Introduction
The evaluation of DNA diversity in environmental samples has become a pivotal approach in microbial ecology and is increasingly also used to assess the distribution of larger organisms . If a core gene can be amplified from environmental DNA with universal primers, the relative abundance of species in the community can be estimated from the proportions of species-specific variants among the amplicons. High throughput amplicon sequencing (HTAS), often termed metabarcoding, is a cost-effective way to detect multiple species simultaneously within a range of environmental samples . While shotgun sequencing of the whole community (metagenomics) can provide a richer description of the functions in a community, HTAS remains a more efficient tool for comparing the species diversity of a large number of community samples. Despite the extensive use of HTAS for interspecies ecological diversity studies, few investigations have utilised HTAS for intraspecies analysis . As 16S rRNA amplicons are too highly conserved to estimate microbial within-species diversity, other target gene candidates need to be considered in order to sufficiently discern intraspecies sequence variation.
Many studies have evaluated the extent of PCR-based amplification errors and bias for HTAS diversity studies . Numerous known PCR biases reduce the accuracy of diversity and abundance estimations, with the major concern being the inability to confidently distinguish PCR error from natural sequence variation in environmental samples, which is an especially limiting factor for intraspecific studies.
Polymerase errors, production of chimeric sequences by template switching, and the stochasticity of PCR amplification can be major causes of PCR errors . Polymerase errors introduce new sequences into the template population during amplification. These sequence errors include not only substitutions but also insertions and deletions. The use of proofreading polymerases, optimised DNA template concentration, and reduced PCR cycle number have been suggested to reduce these errors .
In order to account for the introduction of sequence variants in PCR amplification, several sequence-classification approaches have been established to manage diversity estimates. The most common method is the use of operational taxonomic units (OTUs) in microbial diversity studies which analyse target gene sequences and cluster based on an arbitrary fixed similarity threshold (QIIME ; UPARSE . Within species boundaries this technique could dramatically reduce the resolution of naturally occurring sequence variation.
Most recent methods rely on the formation of sequence groups called amplicon sequence variants (ASVs) (DADA2, ; UNOISE3, . This approach allows sequence resolution down to one nucleotide, which is advantageous for determining intraspecies allelic variation, but noise from PCR errors is also more evident. Variation induced by PCR errors often cannot be differentiated from rare natural allelic variation without the use of sequence denoising methods . DADA2 relies on a quality-aware parametric error model, which is developed on a per sequencing run basis. This increases the run time compared to UNOISE3, which uses a one-pass technique .
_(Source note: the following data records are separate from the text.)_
lemma pieces_cover:
  assumes "t \<in> {a..b}"
  shows "\<exists>n\<in>{1..N}. t \<in> piece n"
proof (cases "t = b")
  case True
  then show ?thesis
    using N_pos unfolding piece_def by auto
next
  case False
  then have "t < x N"
    using assms x_N by auto
  define n where "n = (LEAST n. t < x n)"
  have "t < x n"
    unfolding n_def by (rule LeastI[of _ N]) fact
  moreover have "n \<le> N"
    unfolding n_def by (rule Least_le) fact
  moreover have "n \<noteq> 0"
    using \<open>t < x n\<close> x_0 assms by (cases n) auto
  moreover have "\<not> t < x (n - 1)"
    unfolding n_def by (rule not_less_Least) (use \<open>n \<noteq> 0\<close> n_def in auto)
  ultimately show ?thesis
    unfolding piece_def by (intro bexI[of _ n]) auto
qed

lemma L_in_other_pieceD:
  assumes m: "m \<in> {1..N}" and n: "n \<in> {1..N}" and "m \<noteq> n"
    and t: "t \<in> {a..b}" and L_t: "L m t \<in> piece n"
  shows "t = b \<and> m < N"
proof (cases "m < n")
  case True
  have "x m \<le> x (n - 1)"
    using x_le[of m "n - 1"] True n by auto
  moreover have "x (n - 1) \<le> L m t"
    using L_t piece_subset[OF n] by auto
  ultimately have "L m t = L m b"
    using L_in_interval[OF m t] L_b[OF m] by auto
  then have "t = b"
    using L_inj_on[OF m] t a_less_b by (auto dest: inj_onD)
  then show ?thesis
    using True n by auto
next
  case False
  then have "n < m"
    using \<open>m \<noteq> n\<close> by auto
  then have "L m t < x n"
    using L_t m unfolding piece_def by auto
  moreover have "x n \<le> x (m - 1)"
    using x_le[of n "m - 1"] \<open>n < m\<close> m by auto
  ultimately show ?thesis
    using L_in_interval[OF m t] by auto
qed
(* Let $q\ge2$, let $0<R<1$ and let $l$ be an integer with $l>\frac{2}{1-R}$. Then there exist a sequence $n_i\to\infty$ and, for each $i$, a deterministic IDF code over $l$ blocks for $\Pi^q_{n_i}$ with $M_i\ge 2^{q^{R l n_i}}$ messages, type-I error probability $0$ and type-II error probability $\lambda_{2,i}$, such that $\lambda_{2,i}\to0$.
   Context: Fix an integer $q\ge 2$, $\mathcal A_q=\{1,\dots,q\}$. For $n\ge1$ and $\sigma\in S_n$, $\sigma\mathbf x=(x_{\sigma^{-1}(1)},\dots,x_{\sigma^{-1}(n)})$ for $\mathbf x\in\mathcal A_q^n$; the $n$-block $q$-ary uniform permutation channel $\Pi^q_n$ has input/output alphabet $\mathcal A_q^n$ and $\Pi^q_n(\mathbf y\mid\mathbf x)=\frac1{n!}\sum_{\sigma\in S_n}\mathbf 1\{\mathbf y=\sigma\mathbf x\}$. An identification-feedback (IDF) code over $l$ blocks with $M$ messages for $\Pi^q_n$ (with block-wise noiseless feedback) is a family $\{(\mathbb Q_{i,1},\dots,\mathbb Q_{i,l},\mathcal D_i)\}_{i=1}^M$ where $\mathbb Q_{i,j}(\mathbf x^{(j)}\mid \mathbf y^{(1)},\dots,\mathbf y^{(j-1)},\mathbf x^{(1)},\dots,\mathbf x^{(j-1)})$ is a conditional probability distribution on $\mathcal A_q^n$ given the previous output blocks (fed back) and previous input blocks, and $\mathcal D_i\subseteq(\mathcal A_q^n)^l$. When message $i$ is sent, the blocks have joint law $\mathbb P^{(i)}(\underline{\mathbf x},\underline{\mathbf y})=\prod_{j=1}^l\mathbb Q_{i,j}(\mathbf x^{(j)}\mid\mathbf y^{(1)},\dots,\mathbf y^{(j-1)},\mathbf x^{(1)},\dots,\mathbf x^{(j-1)})\,\Pi^q_n(\mathbf y^{(j)}\mid\mathbf x^{(j)})$. The code is deterministic if each $\mathbb Q_{i,j}$ is a point mass given by a function $\mathbf f_{i,j}$ of the past blocks. Error probabilities: $\lambda_{i\to j}=\mathbb P^{(i)}(\underline{\mathbf y}\in\mathcal D_j)$ for $i\ne j$, $\lambda_{i\not\to i}=\mathbb P^{(i)}(\underline{\mathbf y}\notin\mathcal D_i)$, type-I error $\lambda_1=\max_i\lambda_{i\not\to i}$, type-II error $\lambda_2=\max_{i\neq j}\lambda_{i\to j}$. *)

theory Defs
  imports "HOL-Analysis.Analysis" "HOL-Combinatorics.Permutations"
begin
lemma exists_double_centres:
  "\<exists>D. centre ` A \<subseteq> D \<and> D \<subseteq> V \<and> D \<inter> common_leaves = {} \<and> card D = num_doubles"
proof -
  let ?C = "centre ` A"
  have card_C: "card ?C \<le> 3" using card_image_le[OF finite_A, of centre] card_A by simp
  have "card (?C \<union> common_leaves) \<le> card ?C + k"
    using card_Un_le[of ?C common_leaves] card_common_leaves by simp
  moreover have "finite (?C \<union> common_leaves)"
    using common_leaves_subset centre_in_V finite_V by (blast intro: finite_subset)
  then have "card V - card (?C \<union> common_leaves) \<le> card (V - (?C \<union> common_leaves))"
    by (rule diff_card_le_card_Diff)
  ultimately have "num_doubles - card ?C \<le> card (V - (?C \<union> common_leaves))"
    using card_V num_doubles(3) by linarith
  then obtain X where X: "X \<subseteq> V - (?C \<union> common_leaves)" "card X = num_doubles - card ?C"
    by (meson obtain_subset_with_card_n)
  have "card (?C \<union> X) = num_doubles"
    using X card_C num_doubles(2) finite_A finite_subset[OF X(1)] finite_V
    by (subst card_Un_disjoint) auto
  moreover have "?C \<union> X \<subseteq> V" using X(1) centre_in_V by blast
  moreover have "(?C \<union> X) \<inter> common_leaves = {}" using X(1) centres_not_common_leaves by blast
  ultimately show ?thesis by blast
qed

definition entering :: "'a set \<Rightarrow> nat" where
  "entering T = (\<Sum>\<sigma>\<in>{\<sigma>\<in>A. centre \<sigma> \<notin> T}. card (leaves \<sigma> \<inter> T))"

lemma card_star_edges_meeting:
  assumes "\<sigma> \<in> A"
  shows "card {e\<in>\<sigma>. e \<inter> T \<noteq> {}} \<le> (if centre \<sigma> \<in> T then k else card (leaves \<sigma> \<inter> T))"
proof (cases "centre \<sigma> \<in> T")
  case True
  have "card {e\<in>\<sigma>. e \<inter> T \<noteq> {}} \<le> card \<sigma>" using finite_star[OF assms] by (intro card_mono) auto
  then show ?thesis using True card_star[OF assms] by simp
next
  case False
  have "e \<in> (\<lambda>x. {centre \<sigma>, x}) ` (leaves \<sigma> \<inter> T)" if "e \<in> \<sigma>" "e \<inter> T \<noteq> {}" for e
  proof -
    have "e \<in> (\<lambda>x. {centre \<sigma>, x}) ` leaves \<sigma>" using that(1) star_eq[OF assms] by simp
    then obtain x where "x \<in> leaves \<sigma>" "e = {centre \<sigma>, x}" by blast
    then show ?thesis using that(2) False by auto
  qed
  then have "card {e\<in>\<sigma>. e \<inter> T \<noteq> {}} \<le> card ((\<lambda>x. {centre \<sigma>, x}) ` (leaves \<sigma> \<inter> T))"
    using finite_leaves[OF assms] by (intro card_mono) auto
  also have "\<dots> \<le> card (leaves \<sigma> \<inter> T)" by (rule card_image_le) (simp add: finite_leaves[OF assms])
  finally show ?thesis using False by simp
qed

lemma card_old_edges_meeting:
  "card {e\<in>\<Union>A. e \<inter> T \<noteq> {}} \<le> k * card {\<sigma>\<in>A. centre \<sigma> \<in> T} + entering T"
proof -
  have "{e\<in>\<Union>A. e \<inter> T \<noteq> {}} = (\<Union>\<sigma>\<in>A. {e\<in>\<sigma>. e \<inter> T \<noteq> {}})" by blast
  then have "card {e\<in>\<Union>A. e \<inter> T \<noteq> {}} \<le> (\<Sum>\<sigma>\<in>A. card {e\<in>\<sigma>. e \<inter> T \<noteq> {}})"
    using card_UN_le[OF finite_A] by simp
  also have "\<dots> \<le> (\<Sum>\<sigma>\<in>A. if centre \<sigma> \<in> T then k else card (leaves \<sigma> \<inter> T))"
    by (intro sum_mono card_star_edges_meeting)
  also have "\<dots> = k * card {\<sigma>\<in>A. centre \<sigma> \<in> T} + entering T"
    using finite_A unfolding entering_def by (simp add: sum.If_cases Int_def)
  finally show ?thesis .
qed

lemma entering_eq_sum_over_leaves:
  assumes "finite T"
  shows "entering T = (\<Sum>v\<in>T. card {\<sigma>\<in>A. centre \<sigma> \<notin> T \<and> v \<in> leaves \<sigma>})"
proof -
  have "entering T = (\<Sum>\<sigma>\<in>{\<sigma>\<in>A. centre \<sigma> \<notin> T}. card {v\<in>T. v \<in> leaves \<sigma>})"
    unfolding entering_def by (intro sum.cong) (auto intro: arg_cong[where f = card])
  also have "\<dots> = (\<Sum>v\<in>T. card {\<sigma>\<in>{\<sigma>\<in>A. centre \<sigma> \<notin> T}. v \<in> leaves \<sigma>})"
    using finite_A assms by (intro sum_card_swap) auto
  finally show ?thesis by (simp add: conj_assoc)
qed

end
lemma (in prob_space) indep_vars_nth_mult:
  fixes X :: "'i \<Rightarrow> 'a \<Rightarrow> real^'n"
  assumes indep: "indep_vars (\<lambda>_. borel) X I" and "i \<in> I" "j \<in> I" "i \<noteq> j"
    and int_i: "integrable M (\<lambda>\<omega>. X i \<omega> $ p)" and int_j: "integrable M (\<lambda>\<omega>. X j \<omega> $ q)"
  shows "integrable M (\<lambda>\<omega>. X i \<omega> $ p * X j \<omega> $ q)"
    and "expectation (\<lambda>\<omega>. X i \<omega> $ p * X j \<omega> $ q)
         = expectation (\<lambda>\<omega>. X i \<omega> $ p) * expectation (\<lambda>\<omega>. X j \<omega> $ q)"
proof -
  have restr: "indep_var (PiM {i} (\<lambda>_. borel)) (\<lambda>\<omega>. restrict (\<lambda>i. X i \<omega>) {i})
                         (PiM {j} (\<lambda>_. borel)) (\<lambda>\<omega>. restrict (\<lambda>i. X i \<omega>) {j})"
    using assms by (intro indep_var_restrict[OF indep]) auto
  have nth_meas: "(\<lambda>f. (f l :: real^'n) $ r) \<in> borel_measurable (PiM {l} (\<lambda>_. borel))" for l r
    by (rule measurable_compose[OF measurable_component_singleton])
      (auto intro: borel_measurable_continuous_onI continuous_intros)
  have "indep_var borel (\<lambda>\<omega>. X i \<omega> $ p) borel (\<lambda>\<omega>. X j \<omega> $ q)"
    using indep_var_compose[OF restr nth_meas nth_meas] by (simp add: comp_def)
  then show "integrable M (\<lambda>\<omega>. X i \<omega> $ p * X j \<omega> $ q)"
    and "expectation (\<lambda>\<omega>. X i \<omega> $ p * X j \<omega> $ q)
         = expectation (\<lambda>\<omega>. X i \<omega> $ p) * expectation (\<lambda>\<omega>. X j \<omega> $ q)"
    using indep_var_integrable indep_var_lebesgue_integral int_i int_j by blast+
qed

lemma (in prob_space) indep_centered_gaussian_second_moments:
  fixes X :: "'i \<Rightarrow> 'a \<Rightarrow> real^'n"
  assumes indep: "indep_vars (\<lambda>_. borel) X I"
    and gauss: "\<And>i. i \<in> I \<Longrightarrow> centered_gaussian M (X i) R" and R: "pos_def R"
    and "i \<in> I" "j \<in> I"
  shows "integrable M (\<lambda>\<omega>. X i \<omega> $ r * X j \<omega> $ s)"
    and "expectation (\<lambda>\<omega>. X i \<omega> $ r * X j \<omega> $ s) = (if i = j then R $ r $ s else 0)"
proof -
  note mom_i = centered_gaussian_component_moments[OF gauss[OF \<open>i \<in> I\<close>] R]
  note mom_j = centered_gaussian_component_moments[OF gauss[OF \<open>j \<in> I\<close>] R]
  show "integrable M (\<lambda>\<omega>. X i \<omega> $ r * X j \<omega> $ s)"
    "expectation (\<lambda>\<omega>. X i \<omega> $ r * X j \<omega> $ s) = (if i = j then R $ r $ s else 0)"
    using mom_i mom_j indep_vars_nth_mult[OF indep \<open>i \<in> I\<close> \<open>j \<in> I\<close>] by (cases "i = j"; simp)+
qed
(* Let $P$ be a finite poset and let $E,F,E',F'$ be order filters of $P$. The following are equivalent: (1) $\mathcal{F}(E,F)=\mathcal{F}(E',F')$; (2) $\chi_{E'}$ and $\chi_{F'}$ are a pair of opposite (antipodal) vertices of the cube $\mathcal{F}(E,F)$; (3) $\chi_E+\chi_F=\chi_{E'}+\chi_{F'}$; (4) $E\cap F=E'\cap F'$ and $E\cup F=E'\cup F'$. In particular $\mathcal{F}(E,F)=\mathcal{F}(E\cap F,E\cup F)$, which is combinatorially a cube.
   Context: For a finite poset $P$, an order filter is a subset $F\subseteq P$ such that $a\in F$ and $a<_P b$ imply $b\in F$; $\chi_S\in\{0,1\}^P$ denotes the characteristic vector of $S\subseteq P$. The order polytope of $P$ is $\mathcal{O}(P)=\{x\in[0,1]^P: x_a\le x_b \text{ for all } a<_P b\}=\mathrm{conv}\{\chi_F: F \text{ an order filter}\}$. For order filters $E,F$, $\mathcal{F}(E,F)$ denotes the minimal face of $\mathcal{O}(P)$ containing $\chi_E$ and $\chi_F$. For comparable filters $E\subseteq F$ it is known that $\mathcal{F}(E,F)=\chi_E+\sum_{i=1}^d[0,\chi_{P'_i}]$ where $P'_1,\dots,P'_d$ are the connected components of $P|_{F\setminus E}$, a $d$-dimensional cube; two vertices of a cube are opposite if no proper face of the cube contains both. *)

theory Defs
  imports "HOL-Analysis.Analysis"
begin

text \<open>The finite poset P is the finite type 'a with its partial order; the space
  R^P is real ^ 'a.\<close>

definition order_filter :: "('a::{finite,order}) set \<Rightarrow> bool" where
  "order_filter F \<longleftrightarrow> (\<forall>a b. a \<in> F \<and> a < b \<longrightarrow> b \<in> F)"

definition chi :: "('a::finite) set \<Rightarrow> real ^ 'a" where
  "chi S = (\<chi> i. if i \<in> S then 1 else 0)"

definition order_polytope :: "(real ^ ('a::{finite,order})) set" where
  "order_polytope = {x. (\<forall>i. 0 \<le> x $ i \<and> x $ i \<le> 1) \<and> (\<forall>a b. a < b \<longrightarrow> x $ a \<le> x $ b)}"

definition min_face :: "('a::{finite,order}) set \<Rightarrow> ('a::{finite,order}) set \<Rightarrow> (real ^ ('a::{finite,order})) set" where
  "min_face E F = \<Inter>{f. f face_of (order_polytope :: (real ^ ('a::{finite,order})) set) \<and> chi E \<in> f \<and> chi F \<in> f}"

definition opposite_vertices :: "(real ^ 'n) set \<Rightarrow> real ^ 'n \<Rightarrow> real ^ 'n \<Rightarrow> bool" where
  "opposite_vertices C u v \<longleftrightarrow> u extreme_point_of C \<and> v extreme_point_of C \<and>
     (\<forall>f. f face_of C \<and> f \<noteq> C \<longrightarrow> \<not> (u \<in> f \<and> v \<in> f))"

end

theory Submission
  imports Defs
begin

text \<open>Let \<open>I = E \<inter> F\<close> and \<open>U = E \<union> F\<close>. The points of the order polytope that are \<open>1\<close> on \<open>I\<close>,
  \<open>0\<close> off \<open>U\<close> and constant along comparable pairs in \<open>U - I\<close> form a face containing
  \<open>\<chi>\<^sub>E\<close> and \<open>\<chi>\<^sub>F\<close>. It is the smallest such face: the reflection \<open>x \<mapsto> \<chi>\<^sub>E + \<chi>\<^sub>F - x\<close> maps
  it into the polytope, so every point of it is an endpoint of a segment whose midpoint is
  the midpoint of \<open>\<chi>\<^sub>E\<close> and \<open>\<chi>\<^sub>F\<close>. Hence the minimal face depends only on \<open>I\<close> and \<open>U\<close>, i.e. on
  \<open>\<chi>\<^sub>E + \<chi>\<^sub>F\<close>, and it is the cube parametrized by the values on the connected components of
  \<open>U - I\<close>. Two vertices of it are opposite iff no smaller face contains them, i.e. iff they span
  the same minimal face.\<close>

lemma chi_component [simp]: "chi S $ i = (if i \<in> S then 1 else 0)"
  by (simp add: chi_def)

lemma order_filter_Int: "order_filter E \<Longrightarrow> order_filter F \<Longrightarrow> order_filter (E \<inter> F)"
  and order_filter_Un: "order_filter E \<Longrightarrow> order_filter F \<Longrightarrow> order_filter (E \<union> F)"
  by (auto simp: order_filter_def)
An approach that can reduce sequencing noise is to assign a unique molecular identifier (UMI) to every initial DNA template within an HTAS sample, which also enables evaluation of PCR amplification bias . Additionally, the UMI provides a potential route to address polymerase errors in metabarcoding studies. The UMI is provided by a set of random bases in the gene-specific forward inner primer, which introduces a unique DNA sequence into every initial DNA template upstream of the amplicon region during the first round of amplification. Once all original DNA template strands are assigned a unique UMI, an outer forward primer and the gene-specific reverse primer can be used for further amplification. Consequently, all subsequent DNA amplified from the original template will have the same UMI, so the number of reads amplified from the initial template can be calculated. Grouping sequences by shared UMI allows identification of a consensus, which is assumed to be the correct sequence . To our knowledge, UMIs have previously only been used for single-amplicon interspecies investigations .
Here, we present a method for metabarcoding using amplicons with unique molecular identifiers to improve error correction – MAUI-seq. The innovative approach is that we use variation among sequences associated with a single UMI to identify erroneous sequences, and we show that this improves error correction compared to non-UMI based analysis using the state-of-the-art software packages DADA2 and UNOISE3.